Achieving generalizable bimanual manipulation requires systems that can learn efficiently from minimal human input while adapting to real-world uncertainties and diverse embodiments. Existing approaches face a dilemma: imitation policy learning demands extensive demonstrations to cover task variations, while modular methods often lack flexibility in dynamic scenes. We introduce VLBiMan, a framework that derives reusable skills from a single human example through task-aware decomposition, preserving invariant primitives as anchors while dynamically adapting adjustable components via vision-language grounding. This adaptation mechanism resolves scene ambiguities caused by background changes, object repositioning, or visual clutter without policy retraining, leveraging semantic parsing and geometric feasibility constraints. Moreover, the system inherits human-like hybrid control capabilities, enabling mixed synchronous and asynchronous use of both arms. Extensive experiments validate VLBiMan across tool-use and multi-object tasks, demonstrating: (1) a drastic reduction in demonstration requirements compared to imitation baselines, (2) compositional generalization through atomic skill splicing for long-horizon tasks, (3) robustness to novel but semantically similar objects and external disturbances, and (4) strong cross-embodiment transfer, showing that skills learned from human demonstrations can be instantiated on different robotic platforms without retraining.

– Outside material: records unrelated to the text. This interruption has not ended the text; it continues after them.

(* Let $N$ be a positive integer, $L>0$, and $\zeta=(\zeta_0,\dots,\zeta_{N+2})\in\mathbb{R}^{N+3}$ with $\zeta_0>\zeta_1>\dots>\zeta_{N+1}>\zeta_{N+2}=0$. With $W^\zeta$ as defined in the context, for any $y\in\mathbb{R}^{N+1}$ the minimization problem defining $W^\zeta(y)$ has an optimal solution $(\nu^*,\alpha^* )$ with $\alpha^*\in\Delta_{N+2}$ of the form \[ \alpha^*=(\underbrace{0,\dots,0}_{m},\alpha^*_m,1-\alpha^*_m,\underbrace{0,\dots,0}_{N-m}) \] for some $m\in\{0,\dots,N\}$.
   Context: Let $e_0,\dots,e_N$ denote the standard unit vectors of $\mathbb{R}^{N+1}$ (zero-based indexing). Define for $i=0,\dots,N+1$: $x_i=-\sum_{j=0}^{i-1}\frac{\zeta_j-\zeta_{i+1}}{\sqrt{\zeta_j-\zeta_{j+1}}}e_j\in\mathbb{R}^{N+1}$; $g_i=L\sqrt{\zeta_i-\zeta_{i+1}}\,e_i$ for $i=0,\dots,N$ and $g_{N+1}=0$; $f_i=\frac L2(\zeta_i+\zeta_{i+1})$ for $i=0,\dots,N$ and $f_{N+1}=0$. For $y\in\mathbb{R}^{N+1}$, $\nu\in\mathbb{R}^{N+1}$, $\alpha=(\alpha_0,\dots,\alpha_{N+1})\in\mathbb{R}^{N+2}$ let $w^\zeta(y,\nu,\alpha)=\frac L2\|y+\nu-\sum_{i=0}^{N+1}\alpha_i(x_i-\frac1Lg_i)\|^2+\sum_{i=0}^{N+1}\alpha_i(f_i-\frac1{2L}\|g_i\|^2)$, and $W^\zeta(y)=\min\{w^\zeta(y,\nu,\alpha):\nu\in\mathbb{R}^{N+1}_+,\ \alpha\in\Delta_{N+2}\}$, where $\mathbb{R}^{N+1}_+$ is the nonnegative orthant and $\Delta_{N+2}=\{\alpha\in\mathbb{R}^{N+2}:\alpha_i\geq0,\ \sum_i\alpha_i=1\}$ (entries indexed $0,\dots,N+1$). *)

theory Defs
  imports Complex_Main
begin

text \<open>Vectors in R^(N+1) are represented as functions nat => real, of which only the
components 0..N are used; alpha in R^(N+2) uses components 0..N+1.\<close>

definition xv :: "(nat \<Rightarrow> real) \<Rightarrow> nat \<Rightarrow> nat \<Rightarrow> real" where
  "xv \<zeta> i j = (if j < i then - ((\<zeta> j - \<zeta> (i+1)) / sqrt (\<zeta> j - \<zeta> (j+1))) else 0)"

definition gv :: "nat \<Rightarrow> real \<Rightarrow> (nat \<Rightarrow> real) \<Rightarrow> nat \<Rightarrow> nat \<Rightarrow> real" where
  "gv N L \<zeta> i j = (if i \<le> N \<and> j = i then L * sqrt (\<zeta> i - \<zeta> (i+1)) else 0)"

definition fv :: "nat \<Rightarrow> real \<Rightarrow> (nat \<Rightarrow> real) \<Rightarrow> nat \<Rightarrow> real" where
  "fv N L \<zeta> i = (if i \<le> N then L / 2 * (\<zeta> i + \<zeta> (i+1)) else 0)"

definition wz :: "nat \<Rightarrow> real \<Rightarrow> (nat \<Rightarrow> real) \<Rightarrow> (nat \<Rightarrow> real) \<Rightarrow> (nat \<Rightarrow> real)
                   \<Rightarrow> (nat \<Rightarrow> real) \<Rightarrow> real" where
  "wz N L \<zeta> y \<nu> \<alpha> =
     L / 2 * (\<Sum>j\<le>N. (y j + \<nu> j - (\<Sum>i\<le>N+1. \<alpha> i * (xv \<zeta> i j - gv N L \<zeta> i j / L)))\<^sup>2)
     + (\<Sum>i\<le>N+1. \<alpha> i * (fv N L \<zeta> i - (\<Sum>j\<le>N. (gv N L \<zeta> i j)\<^sup>2) / (2 * L)))"
lemma power_period:
  assumes T: "is_eq_theory T" and g: "(X, x_pow (n+1)) \<in> T" and w: "w \<noteq> {#}" and E: "1 \<le> E"
  shows "(repeat_mset E w, repeat_mset (E + n*M) w) \<in> T"
proof (induction M)
  case 0 show ?case using eq_theory_refl[OF T] w E by (simp add: repeat_mset_eq_empty_iff)
next
  case (Suc M)
  let ?r = "repeat_mset (E + n * M - 1) w"
  have "(w, repeat_mset (n + 1) w) \<in> T"
    using eq_theory_subst[OF T _ g, of "\<lambda>k. w"] w by simp
  then have step: "(w + ?r, repeat_mset (n + 1) w + ?r) \<in> T"
    by (rule eq_theory_add_right[OF T])
  have E_Suc: "E + n * M = Suc (E + n * M - 1)" using E by simp
  have lhs: "w + ?r = repeat_mset (E + n * M) w"
    by (subst E_Suc) simp
  have "(n + 1) + (E + n * M - 1) = E + n * Suc M" using E by simp
  then have rhs: "repeat_mset (n + 1) w + ?r = repeat_mset (E + n * Suc M) w"
    by (metis repeat_mset_distrib)
  show ?case using Suc.IH step eq_theory_trans[OF T] unfolding lhs rhs by blast
qed
lemma GL_partial_tendsto:
  assumes x: "x \<in> configs" and K: "K i summable_on UNIV" "\<forall>j. 0 \<le> K i j"
    and beta: "beta i i = 0" and delta: "0 < delta"
    and om: "mono (omz om i)" "(\<Union>k\<in>{1..}. om i k) = UNIV"
  shows "(\<lambda>k. GL_partial beta K delta om i k x) \<longlonglongrightarrow>
    infsum (\<lambda>j. sat (beta i j) (ecard {t \<in> x j. - age x i < ereal t \<and> t < 0}) (K i j)) UNIV"
proof -
  define s where "s k j = (if j \<in> omz om i k
    then sat (beta i j) (ecard (window x i (real k * delta) j)) (K i j) else 0)" for k j
  have "GL_partial beta K delta om i k x = infsum (s k) UNIV" for k
    unfolding GL_partial_eq_window s_def by (rule infsum_cong_neutral) auto
  moreover have "(\<lambda>k. infsum (s k) UNIV) \<longlonglongrightarrow>
    infsum (\<lambda>j. sat (beta i j) (ecard {t \<in> x j. - age x i < ereal t \<and> t < 0}) (K i j)) UNIV"
  proof (rule infsum_tendsto_dominated[OF K(1)])
    show "\<bar>s k j\<bar> \<le> K i j" for k j
      using K(2) by (simp add: s_def sat_le sat_nonneg)
    show "(\<lambda>k. s k j) \<longlonglongrightarrow> sat (beta i j) (ecard {t \<in> x j. - age x i < ereal t \<and> t < 0}) (K i j)"
      for j
    proof (cases "j = i")
      case True
      have "s k i = 0" for k using beta by (simp add: s_def sat_0)
      then show ?thesis using beta True by (simp add: sat_0)
    next
      case False
      have "j \<in> (\<Union>k\<in>{1..}. om i k)" using om(2) by simp
      then obtain k0 where "1 \<le> k0" "j \<in> om i k0" by blast
      then have "j \<in> omz om i k0" by (simp add: omz_def)
      then have "j \<in> omz om i k" if "k0 \<le> k" for k using monoD[OF om(1) that] by blast
      then have "eventually (\<lambda>k. sat (beta i j) (ecard (window x i (real k * delta) j)) (K i j) = s k j)
          sequentially"
        unfolding eventually_sequentially s_def by auto
      with tendsto_sat[OF ecard_window_tendsto[OF x False delta]] show ?thesis
        by (rule Lim_transform_eventually)
    qed
  qed
  ultimately show ?thesis by simp
qed

lemma GL_Delta_nonneg:
  assumes "\<forall>u. 0 \<le> psi i u" "mono (psi i)"
    and "K i summable_on UNIV" "\<forall>j. 0 \<le> K i j" "0 \<le> delta" "mono (omz om i)"
  shows "0 \<le> GL_Delta psi beta K delta om i k x"
proof (cases "k = 0")
  case False
  have "GL_partial beta K delta om i (k - 1) x \<le> GL_partial beta K delta om i k x"
    using assms(3-6) by (rule GL_partial_mono) simp
  then have "psi i (GL_partial beta K delta om i (k - 1) x) \<le> psi i (GL_partial beta K delta om i k x)"
    by (rule monoD[OF assms(2)])
  then show ?thesis using False by (simp add: GL_Delta_def)
qed (use assms(1) in \<open>simp add: GL_Delta_def\<close>)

By bridging human priors with vision-language anchored adaptation, our work takes a step toward practical and versatile dual-arm manipulation in unstructured settings.

Paper Structure

This paper contains 29 sections, 5 equations, 15 figures, 6 tables, 1 algorithm.

Figures (15)

  • Figure 1: Left: Taking pouring water as an example, we sketch the entire process of VLBiMan based on the one-shot demonstration. Right: VLBiMan can achieve generalizable bimanual manipulation on a variety of complex contact-rich tasks without retraining, robustly coping with diverse scenarios.
  • Figure 2: Framework of Vision-Language Anchored Bimanual Manipulation (VLBiMan). Taking the pouring water as an example, the paradigm consists of three stages (e.g., decomposition, adaptation, and composition) based on a given demonstration. VLBiMan can achieve generalization of unseen spatial placements and category-level new instances under the same task.
  • Figure 3: Illustrations of representative points for manipulated objects in three tasks: pouring (left), reorient+unscrew (middle) and tool-use:spoon (right). These points will be used to calculate the change in object position and orientation (not always required).
  • Figure 4: Manipulated object assets involved in each task, and the fixed-base dual-arm platform.
  • Figure 5: Visualization of ten tasks executed on real robots. They are designed to validate different aspects, including (a) six dual-arm primary skills, (b) combination of basic skills for two long-horizon tasks, and (c) exploration of two multi-stage tool-use tasks.